Collected data entries
section \<open>Change of measure between the laws \<open>P\<^sub>A\<close>\<close>

locale llr_model = stream_laws K M P0 P1 for K M and P0 P1 :: "nat \<Rightarrow> (nat \<Rightarrow> 'x) measure" +
  fixes llr :: "nat \<Rightarrow> nat \<Rightarrow> (nat \<Rightarrow> 'x) \<Rightarrow> real"
  assumes llr: "\<And>k n. k \<in> {1..K} \<Longrightarrow> 1 \<le> n \<Longrightarrow>
                 llr k n \<in> borel_measurable (stream_filt M k n) \<and>
                 (\<forall>B\<in>sets (stream_filt M k n).
                    emeasure (P1 k) B = (\<integral>\<^sup>+ x\<in>B. ennreal (exp (llr k n x)) \<partial>P0 k))"
begin

lemma llr_measurable_filt: "k \<in> {1..K} \<Longrightarrow> 1 \<le> n \<Longrightarrow> llr k n \<in> borel_measurable (stream_filt M k n)"
  using llr by blast

lemma subalgebra_P0: "k \<in> {1..K} \<Longrightarrow> subalgebra (P0 k) (stream_filt M k n)"
  unfolding subalgebra_def using sets_stream_filt_subset[of M k n]
  by (simp add: space_stream_filt space_P0 sets_P0)

lemma subalgebra_P1: "k \<in> {1..K} \<Longrightarrow> subalgebra (P1 k) (stream_filt M k n)"
  unfolding subalgebra_def using sets_stream_filt_subset[of M k n]
  by (simp add: space_stream_filt space_P1 sets_P1)

lemma llr_measurable: "k \<in> {1..K} \<Longrightarrow> 1 \<le> n \<Longrightarrow> llr k n \<in> borel_measurable (strm_path_space M k)"
  using llr_measurable_filt measurable_from_subalg[OF subalgebra_P0]
  by (metis sets_P0 measurable_cong_sets)

lemma nn_integral_P1_eq_P0_density:
  assumes k: "k \<in> {1..K}" and n: "1 \<le> n" and g: "g \<in> borel_measurable (stream_filt M k n)"
  shows "(\<integral>\<^sup>+x. g x \<partial>P1 k) = (\<integral>\<^sup>+x. ennreal (exp (llr k n x)) * g x \<partial>P0 k)"
proof -
  let ?F = "stream_filt M k n"
  have [measurable]: "llr k n \<in> borel_measurable ?F" using llr_measurable_filt[OF k n] .
  have restr_eq: "restr_to_subalg (P1 k) ?F
                    = density (restr_to_subalg (P0 k) ?F) (\<lambda>x. ennreal (exp (llr k n x)))"
  proof (rule measure_eqI)
    show "sets (restr_to_subalg (P1 k) ?F)
            = sets (density (restr_to_subalg (P0 k) ?F) (\<lambda>x. ennreal (exp (llr k n x))))"
      using subalgebra_P0[OF k] subalgebra_P1[OF k] by (simp add: sets_restr_to_subalg)
    fix B assume "B \<in> sets (restr_to_subalg (P1 k) ?F)"
    then have B[measurable]: "B \<in> sets ?F" using subalgebra_P1[OF k] by (simp add: sets_restr_to_subalg)
    have "emeasure (density (restr_to_subalg (P0 k) ?F) (\<lambda>x. ennreal (exp (llr k n x)))) B
        = (\<integral>\<^sup>+x. ennreal (exp (llr k n x)) * indicator B x \<partial>restr_to_subalg (P0 k) ?F)"
      using B subalgebra_P0[OF k]
      by (subst emeasure_density) (auto simp: sets_restr_to_subalg measurable_in_subalg)
    also have "\<dots> = (\<integral>\<^sup>+x. ennreal (exp (llr k n x)) * indicator B x \<partial>P0 k)"
      using B by (intro nn_integral_subalgebra2[OF subalgebra_P0[OF k]]) measurable
    also have "\<dots> = emeasure (P1 k) B" using llr[OF k n] B by simp
    also have "\<dots> = emeasure (restr_to_subalg (P1 k) ?F) B"
      using B subalgebra_P1[OF k] by (simp add: emeasure_restr_to_subalg)
    finally show "emeasure (restr_to_subalg (P1 k) ?F) B
        = emeasure (density (restr_to_subalg (P0 k) ?F) (\<lambda>x. ennreal (exp (llr k n x)))) B"
      by simp
  qed
  have "(\<integral>\<^sup>+x. g x \<partial>P1 k) = (\<integral>\<^sup>+x. g x \<partial>restr_to_subalg (P1 k) ?F)"
    using nn_integral_subalgebra2[OF subalgebra_P1[OF k] g] by simp
  also have "\<dots> = (\<integral>\<^sup>+x. ennreal (exp (llr k n x)) * g x \<partial>restr_to_subalg (P0 k) ?F)"
    unfolding restr_eq using subalgebra_P0[OF k] g
    by (subst nn_integral_density) (auto simp: measurable_in_subalg)
  also have "\<dots> = (\<integral>\<^sup>+x. ennreal (exp (llr k n x)) * g x \<partial>P0 k)"
    using g by (intro nn_integral_subalgebra2[OF subalgebra_P0[OF k]]) measurable
  finally show ?thesis .
qed

definition llr_sign :: "nat set \<Rightarrow> nat set \<Rightarrow> nat \<Rightarrow> real" where
  "llr_sign A A' k = (if k \<in> A \<and> k \<notin> A' then 1 else if k \<in> A' \<and> k \<notin> A then -1 else 0)"

lemma emeasure_stream_law_eq_density:
  assumes k: "k \<in> {1..K}" and n: "1 \<le> n" and C: "C \<in> sets (stream_filt M k n)"
  shows "emeasure (stream_law P0 P1 A k) C
           = (\<integral>\<^sup>+x. indicator C x * ennreal (exp (llr_sign A A' k * llr k n x)) \<partial>stream_law P0 P1 A' k)"
proof -
  have [measurable]: "llr k n \<in> borel_measurable (stream_filt M k n)" "C \<in> sets (stream_filt M k n)"
    using llr_measurable_filt[OF k n] C .
  have Cs: "C \<in> sets (strm_path_space M k)" using C sets_stream_filt_subset by blast
  consider "k \<in> A \<longleftrightarrow> k \<in> A'" | "k \<in> A" "k \<notin> A'" | "k \<notin> A" "k \<in> A'" by blast
  then show ?thesis
  proof cases
    case 1
    then have "llr_sign A A' k = 0" "stream_law P0 P1 A k = stream_law P0 P1 A' k"
      by (auto simp: llr_sign_def stream_law_def)
    then show ?thesis using Cs sets_stream_law[OF k] by simp
  next
    case 2
    then have "llr_sign A A' k = 1" "stream_law P0 P1 A k = P1 k" "stream_law P0 P1 A' k = P0 k"
      by (auto simp: llr_sign_def stream_law_def)
    then show ?thesis using llr[OF k n] C by (simp add: mult.commute)
  next
    case 3
    then have sign: "llr_sign A A' k = -1" "stream_law P0 P1 A k = P0 k" "stream_law P0 P1 A' k = P1 k"
      by (auto simp: llr_sign_def stream_law_def)
    have "(\<integral>\<^sup>+x. indicator C x * ennreal (exp (- llr k n x)) \<partial>P1 k)
        = (\<integral>\<^sup>+x. ennreal (exp (llr k n x)) * (indicator C x * ennreal (exp (- llr k n x))) \<partial>P0 k)"
      by (intro nn_integral_P1_eq_P0_density[OF k n]) measurable
    also have "\<dots> = (\<integral>\<^sup>+x. indicator C x \<partial>P0 k)"
    proof (intro nn_integral_cong)
      fix x
      have "ennreal (exp (llr k n x)) * ennreal (exp (- llr k n x)) = 1"
        by (simp flip: ennreal_mult add: exp_minus)
      then show "ennreal (exp (llr k n x)) * (indicator C x * ennreal (exp (- llr k n x))) = indicator C x"
        by (metis (no_types, lifting) mult.commute mult.left_commute mult_1)
    qed
    also have "\<dots> = emeasure (P0 k) C" using Cs sets_P0[OF k] by simp
    finally show ?thesis using sign by simp
  qed
qed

→ **Your goal**
At the line containing "by (simp flip: ennreal_mult", start copying. Continue exactly through the final line of the entries above and stop there.

→ **Result for this exercise**
        by (simp flip: ennreal_mult add: exp_minus)
      then show "ennreal (exp (llr k n x)) * (indicator C x * ennreal (exp (- llr k n x))) = indicator C x"
        by (metis (no_types, lifting) mult.commute mult.left_commute mult_1)
    qed
    also have "\<dots> = emeasure (P0 k) C" using Cs sets_P0[OF k] by simp
    finally show ?thesis using sign by simp
  qed
qed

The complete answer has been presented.